Zekrom-7780 commented 1 year ago

@wphicks , can I pick this Issue up?

wphicks commented 1 year ago

@Zekrom-7780 That would be wonderful! Please do reach out if you have any questions on how to proceed with it.

Zekrom-7780 commented 1 year ago

@wphicks Thanks a lot, I just finished installing Rapidsai from the RAPIDS Release Selector, and I read this entire issue, and I also read your highlighted message

Alias sklearn HPO utilities into the cuML namespace and update the docstrings with clear attribution.

Could you suggest me on how to like start this, once I get an idea, I would finish this pretty quickly

wphicks commented 1 year ago

Sure! The general idea is that when we do:

from cuml import some_hpo_thing

this should return the corresponding sklearn object/class/function/... but with its docstring updated to make it clear that the imported thing is coming from sklearn. An example might look something like this:

# File: cuml/foo/__init__.py
from sklearn.foo import bar

bar.__docstring__ == f"""This class is implemented in scikit-learn and imported without modification into the cuml namespace. Please be sure to cite scikit-learn for work that makes use of this class.

{bar.__docstring__}"""

For a similar effort, you might check out this PR: https://github.com/rapidsai/cuml/pull/2645. Note that that one required us to actually pull sklearn code into cuML, which should not be required here. All we need is to import the relevant objects into the cuML namespace.

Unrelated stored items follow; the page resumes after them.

text \<open>If both cones lay on one side X, a point p of the other side close to 0 would be separated
  from the cones by points of the curve directly above and below it; since the curve is a graph
  over the real axis near 0, these two points coincide, and then they equal p.\<close>
lemma vertical_cones_not_on_one_side:
  fixes J X Y :: "complex set"
  assumes XY: "open X" "open Y" "X \<inter> Y = {}" "X \<union> Y = - J" "0 \<in> closure Y"
    and "0 < r" "m \<le> 1" and graph: "inj_on Re (J \<inter> ball 0 r)"
    and cones: "vertical_cone 1 m r \<subseteq> X" "vertical_cone (-1) m r \<subseteq> X"
  shows False
proof -
  obtain p where p: "p \<in> Y" "cmod p < r / 4"
    using XY(5) \<open>0 < r\<close> unfolding closure_approachable by (metis dist_0_norm norm_minus_commute
        divide_pos_pos zero_less_numeral dist_norm diff_0_right)
  have Rep: "\<bar>Re p\<bar> < r / 4" "\<bar>Im p\<bar> < r / 4"
    using p(2) abs_Re_le_cmod abs_Im_le_cmod by (meson le_less_trans)+
  have meets: "\<exists>w\<in>J \<inter> ball 0 r. Re w = Re p \<and> \<sigma> * Im w \<ge> \<sigma> * Im p"
    if \<sigma>: "\<sigma> = 1 \<or> \<sigma> = -1" for \<sigma> :: real
  proof -
    define q where "q = Complex (Re p) (\<sigma> * r / 2)"
    have "cmod q \<le> \<bar>Re p\<bar> + r / 2"
      using cmod_le[of q] \<sigma> \<open>0 < r\<close> unfolding q_def by auto
    then have q: "cmod q < r"
      using Rep by linarith
    moreover have "m * \<bar>Re p\<bar> \<le> \<bar>Re p\<bar>"
      using \<open>m \<le> 1\<close> by (cases "0 \<le> m") (auto intro: mult_left_le_one_le order_trans[OF mult_nonpos_nonneg])
    then have "m * \<bar>Re q\<bar> < \<sigma> * Im q"
      using Rep \<sigma> unfolding q_def by auto
    ultimately have "q \<in> X"
      using cones \<sigma> unfolding vertical_cone_def by auto
    then obtain w where w: "w \<in> closed_segment p q" "w \<in> J"
      using segment_meets_separator[OF XY(1-4) p(1)] by blast
    then obtain s where s: "0 \<le> s" "s \<le> 1" "w = (1 - s) *\<^sub>R p + s *\<^sub>R q"
      unfolding closed_segment_def by blast
    have "closed_segment p q \<subseteq> ball 0 r"
      using p(2) q \<open>0 < r\<close> by (intro closed_segment_subset) (auto simp: convex_ball)
    moreover have "Re w = Re p"
      unfolding s(3) q_def by (simp add: algebra_simps)
    moreover have "\<sigma> * Im w = \<sigma> * Im p + s * (r / 2 - \<sigma> * Im p)"
      using \<sigma> unfolding s(3) q_def by (auto simp: algebra_simps)
    moreover have "0 \<le> s * (r / 2 - \<sigma> * Im p)"
      using s(1) Rep \<sigma> by (intro mult_nonneg_nonneg) auto
    ultimately show ?thesis
      using w by (intro bexI[of _ w]) auto
  qed
  obtain w1 w2 where w: "w1 \<in> J \<inter> ball 0 r" "w2 \<in> J \<inter> ball 0 r"
    "Re w1 = Re p" "Re w2 = Re p" "Im w1 \<ge> Im p" "Im w2 \<le> Im p"
    using meets[of 1] meets[of "-1"] by auto
  then have "w1 = w2"
    using inj_onD[OF graph] by simp
  then have "w1 = p"
    using w by (simp add: complex_eq_iff)
  then show False
    using w(1) p(1) XY(3,4) by auto
qed

lemma vertical_cone_disjoint_flat_curve:
  assumes "\<forall>w\<in>J \<inter> ball 0 r. \<bar>Im w\<bar> \<le> m * \<bar>Re w\<bar>" "\<bar>\<sigma>\<bar> = 1"
  shows "vertical_cone \<sigma> m r \<inter> J = {}"
proof -
  have False if "w \<in> vertical_cone \<sigma> m r" "w \<in> J" for w
  proof -
    have "\<sigma> * Im w \<le> \<bar>Im w\<bar>"
      using assms(2) abs_mult[of \<sigma> "Im w"] by (metis abs_ge_self mult_1)
    moreover have "m * \<bar>Re w\<bar> < \<sigma> * Im w" "\<bar>Im w\<bar> \<le> m * \<bar>Re w\<bar>"
      using that assms(1) unfolding vertical_cone_def by auto
    ultimately show False
      by linarith
  qed
  then show ?thesis
    by blast
qed

lemma connected_through_opposite_cones_meets_flat_curve:
  assumes J: "jordan_curve J" "0 \<in> J"
    and "0 < r" "0 \<le> m" "m \<le> 1"
    and flat: "\<forall>w\<in>J \<inter> ball 0 r. \<bar>Im w\<bar> \<le> m * \<bar>Re w\<bar>"
    and graph: "inj_on Re (J \<inter> ball 0 r)"
    and C: "connected C" "q1 \<in> C \<inter> vertical_cone \<sigma> m r" "q2 \<in> C \<inter> vertical_cone (- \<sigma>) m r"
    and \<sigma>: "\<bar>\<sigma>\<bar> = 1"
  shows "C \<inter> J \<noteq> {}"
proof
  assume CJ: "C \<inter> J = {}"
  note sides = jordan_curve_inside_outside[OF J(1)]
  have closure: "0 \<in> closure (inside J)" "0 \<in> closure (outside J)"
    using sides(5,6) J(2) by (auto simp: frontier_def)
  have cone_side: "vertical_cone \<tau> m r \<subseteq> inside J \<or> vertical_cone \<tau> m r \<subseteq> outside J"
    if "\<bar>\<tau>\<bar> = 1" for \<tau>
    by (rule connected_disjoint_jordan_curve_on_one_side[OF J(1)])
      (use vertical_cone_disjoint_flat_curve[OF flat that] convex_vertical_cone[OF \<open>0 \<le> m\<close>]
        convex_connected in auto)
  have not_one_side: "\<not> (vertical_cone \<sigma> m r \<subseteq> X \<and> vertical_cone (- \<sigma>) m r \<subseteq> X)"
    if "X = inside J \<and> Y = outside J \<or> X = outside J \<and> Y = inside J" for X Y
  proof
    assume "vertical_cone \<sigma> m r \<subseteq> X \<and> vertical_cone (- \<sigma>) m r \<subseteq> X"
    then have "vertical_cone 1 m r \<subseteq> X" "vertical_cone (-1) m r \<subseteq> X"
      using \<sigma> by (auto simp: abs_if split: if_splits)
    then show False
      using vertical_cones_not_on_one_side[of X Y J r m] that sides closure \<open>0 < r\<close> \<open>m \<le> 1\<close> graph
      by (auto simp: Un_commute Int_commute)
  qed
  obtain X Y where XY: "X = inside J \<and> Y = outside J \<or> X = outside J \<and> Y = inside J" "C \<subseteq> X"
    using connected_disjoint_jordan_curve_on_one_side[OF J(1) C(1) CJ] by blast
  have "vertical_cone \<tau> m r \<subseteq> X" if "\<bar>\<tau>\<bar> = 1" "q \<in> C \<inter> vertical_cone \<tau> m r" for \<tau> q
  proof -
    have "q \<in> X" using that(2) XY(2) by blast
    then show ?thesis
      using cone_side[OF that(1)] XY(1) sides(3) that(2) by blast
  qed
  then show False
    using not_one_side[OF XY(1)] C(2,3) \<sigma> by simp
qed

definition cone_slope :: "complex \<Rightarrow> real" where
  "cone_slope \<omega> = \<bar>Im \<omega>\<bar> / (4 * cmod \<omega>)"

Zekrom-7780 commented 12 months ago

Thanks a lot @wphicks for the explanation, Could you please provide guidance on where to specifically locate the code related to the explanation you provided, especially since the codebase is extensive?

I also attempted to review the PR you shared (https://github.com/rapidsai/cuml/pull/2645), but I couldn't easily pinpoint the relevant code. Can you help me to the relevant section or clarify how to find it within the large codebase?

wphicks commented 12 months ago

I can do even better than that! ;) Looks like we already started this effort here: https://github.com/rapidsai/cuml/blob/branch-23.12/python/cuml/model_selection/__init__.py#L24. For any HPO method we want available from sklearn, we'll want to do exactly the same thing. I'd pull that little string addition out into its own variable and then just add it to whatever methods you import from sklearn.